1215 ギミ崎=名護市字嘉陽(沖縄県)「アブ」も「ギミ」も由来や意味はわからないのだが…

安部崎の名は岬の付け根北側付近に小さく固まっている集落の名前からついたものだろうが、ではその安部(あぶ)という集落の名前がどうしてついたのか。ここでもそれを定かにしてくれる情報はない。
これは、ほとんどたいていの日本の地名がそうである。それでもみんな深く詮索もせず、気にもせず済ませているというのも、考えようによってはふしぎなことだ。これは、そのすぐ隣り合っているギミ崎も同じで、「ギミ」が何を意味するのかはわからない。
地名も人名もいわば符丁であり識別記号に過ぎないのだから、いちいち由来などを詮索するのは意味がないという割り切った考え方は、どうも知りたがり屋のでんでんむしにはできないのだ。たとえ調べても結局はわからないで終わってしまうことが多くても…。
「アブ」も「ギミ」も由来や意味はわからない。ただ、いろいろ探ってみると、安部崎もギミ崎も、古い墓があった痕跡があるようだ。とくにギミ崎には風葬墓の跡があるというので、この付近の古い習俗の独特さが伺われる。これらの情報は、名護市の広報誌から拾い出している。
安部崎の先に続く安部オール島も、ふしぎな名だと前項で書いていたが、「オール」は「オールー」で、これは青色の意味なのだという。
これがまたふしぎなことに、“人間到る処青山あり”の「青山」と、根源も意味も同じらしい。つまり、これも“墓=死後の世界=神”につながる。
奥武岬のところでその読み方については触れながら、意味についてははしょっていたが、実は奥武の「オウ」も「青=死者の霊地」であると民俗学の研究者は説明しているらしい。この調子で探っていけば、沖縄全島にわたって多くの似たような地名を拾い出すことができるのだろう。

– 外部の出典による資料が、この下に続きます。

lemma congruence_on_translation_stable:
  assumes cong: "congruence_on I mul \<theta>"
  shows "congruence_on I mul (translation_stable \<theta>)"
proof (rule congruence_onI)
  have \<theta>: "\<theta> \<subseteq> I \<times> I"
    using congruence_on_subset[OF cong] .
  then show "translation_stable \<theta> \<subseteq> I \<times> I"
    unfolding translation_stable_def by blast
  show "(a, a) \<in> translation_stable \<theta>" if "a \<in> I" for a
    using that congruence_on_refl[OF cong] mul_ideal_left mul_ideal_right
    unfolding translation_stable_def by blast
  show "sym (translation_stable \<theta>)"
    using congruence_on_sym[OF cong] unfolding sym_def translation_stable_def by blast
  show "trans (translation_stable \<theta>)"
    using congruence_on_trans[OF cong] unfolding trans_def translation_stable_def by blast
  fix a b c d
  assume ab: "(a, b) \<in> translation_stable \<theta>" and cd: "(c, d) \<in> translation_stable \<theta>"
  then have in_S: "a \<in> S" "b \<in> S" "c \<in> S" "d \<in> S"
    using \<theta> ideal_subset unfolding translation_stable_def by blast+
  have "(mul a c, mul b d) \<in> \<theta>"
    using ab cd congruence_on_mul[OF cong] unfolding translation_stable_def by blast
  moreover have "(mul u (mul a c), mul u (mul b d)) \<in> \<theta>" if u: "u \<in> S" for u
  proof -
    have "(mul (mul u a) c, mul (mul u b) d) \<in> \<theta>"
      using u ab cd congruence_on_mul[OF cong] unfolding translation_stable_def by blast
    then show ?thesis
      using u in_S by (simp add: mul_assoc)
  qed
  moreover have "(mul (mul a c) u, mul (mul b d) u) \<in> \<theta>" if u: "u \<in> S" for u
  proof -
    have "(mul a (mul c u), mul b (mul d u)) \<in> \<theta>"
      using u ab cd congruence_on_mul[OF cong] unfolding translation_stable_def by blast
    then show ?thesis
      using u in_S by (simp add: mul_assoc)
  qed
  ultimately show "(mul a c, mul b d) \<in> translation_stable \<theta>"
    unfolding translation_stable_def by blast
qed

lemma congruence_on_Un_Id_on:
  assumes cong: "congruence_on I mul \<theta>" and stable: "\<theta> \<subseteq> translation_stable \<theta>"
  shows "congruence_on S mul (\<theta> \<union> Id_on S)"
proof (rule congruence_onI)
  show "\<theta> \<union> Id_on S \<subseteq> S \<times> S"
    using congruence_on_subset[OF cong] ideal_subset by blast
  show "sym (\<theta> \<union> Id_on S)"
    using congruence_on_sym[OF cong] unfolding sym_def by blast
  show "trans (\<theta> \<union> Id_on S)"
    using congruence_on_trans[OF cong] unfolding trans_def by blast
  show "(mul a c, mul b d) \<in> \<theta> \<union> Id_on S"
    if "(a, b) \<in> \<theta> \<union> Id_on S" and "(c, d) \<in> \<theta> \<union> Id_on S" for a b c d
    using that congruence_on_mul[OF cong] stable mul_closed
    unfolding translation_stable_def by blast
qed blast

end

locale semigroup_ideal_congruences = semigroup_ideal +
  fixes al :: "nat \<Rightarrow> 'a rel" and n :: nat
  assumes congruences: "\<forall>j<n. congruence_on S mul (al j)"
begin

abbreviation al_I :: "nat \<Rightarrow> 'a rel" where
  "al_I \<equiv> \<lambda>j. al j \<inter> I \<times> I"

lemma Mset_restrict_in_ideal: "g \<in> Mset mul al_I n \<Longrightarrow> g x \<in> I"
  by (rule Mset_in_carrier[OF _ _ ideal_mul_closed]) auto

lemma Mset_restrict_mul_left:
  assumes "h \<in> Mset mul al_I n" and c: "c \<in> S"
  shows "(\<lambda>x. mul c (h x)) \<in> Mset mul al_I n"
  using assms(1)
proof (induction rule: Mset.induct)
  case (gen i a b)
  have cong_i: "congruence_on S mul (al i)"
    using congruences gen.hyps(1) by blast
  have "(mul c a, mul c b) \<in> al i"
    using congruence_on_mul[OF cong_i congruence_on_refl[OF cong_i c] IntD1[OF gen.hyps(2)]] .
  moreover have "a \<in> I" "b \<in> I"
    using gen.hyps(2) by blast+
  ultimately have "(mul c a, mul c b) \<in> al_I i"
    using c mul_ideal_left by blast
  then have "(\<lambda>x. if x ! i then mul c b else mul c a) \<in> Mset mul al_I n"
    by (rule Mset.gen[OF gen.hyps(1)])
  then show ?case
    by (simp add: if_distrib)
next
  case (prod f g)
  have "(\<lambda>x. mul (mul c (f x)) (g x)) \<in> Mset mul al_I n"
    using prod.IH(1) prod.hyps(2) by (rule Mset.prod)
  moreover have "mul (mul c (f x)) (g x) = mul c (mul (f x) (g x))" for x
    using c prod.hyps Mset_restrict_in_ideal ideal_subset mul_assoc by blast
  ultimately show ?case
    by simp
qed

このギミ崎も、道路と浜の間に集落や植生があって、バス車窓からはほとんど見えなかった。あるいは見えたとしても一瞬のシャッターチャンスを逃した。
安部で降りて、小さいがきれいな砂浜に出てみれば、安部崎も安部オール島もギミ崎も、ちゃんときれいに見えたのだろうが、前項で言い訳したようにバスの便がこの後にない(のと同じ)ため、それができない。

大浦湾の汀間もバスで通り過ぎただけだが、そこは辺野古崎のオレンジのフロートで囲い込まれた基地建設調査工事海域に接近できるルートにもなっているようだ。

直接工事予定区域には含まれないはずの長島や平島だが、そのうち長島はすでに防衛省沖縄防衛局の裁量で立入が規制されているらしい。
予備調査のアセスメントなどで、ギミ崎の西と東の海域でもジュゴンの調査が行なわれたようだ。

実際にその岬をしっかりと確認できなかったのは残念だが、ことのついでに書いておくと、やはり3年くらい前の名護市の広報誌に掲載されていた人口200人の安部区の区長さんが「安部の七不思議」として書かれたものを発見した。
安部崎などの墓については、そこでも取りあげられていたが、ここでは構造地形(断層や褶曲などの地質構造やそれをつくる運動に関係した地形)とされてきたギミ崎周辺の地形について…。
(2)嘉陽層はなぜおもしろい?
嘉陽層は、恐竜が絶滅した新世代(6500万年~2500万年前)にできた地層だが、砂と泥が重なりあう層には、海に棲んだ生物の跡(生痕化石)がたくさん見られる。とくに安部崎やギミ崎の嘉陽層は、波打つような褶曲(しゅうきょく)といわれる模様の種類が多く、美しい。さらに不思議なことに、この層の生まれは太平洋の真ん中の水深3000~5000メートルでできたということだ。フィリピン海プレートにのって長い時間をかけてやってきた珍しい地層なのである。
これらについては、もっと勉強しないといけないが、ここでは備忘メモとして…。

嘉陽を前にしてやっと朝日が差してきた。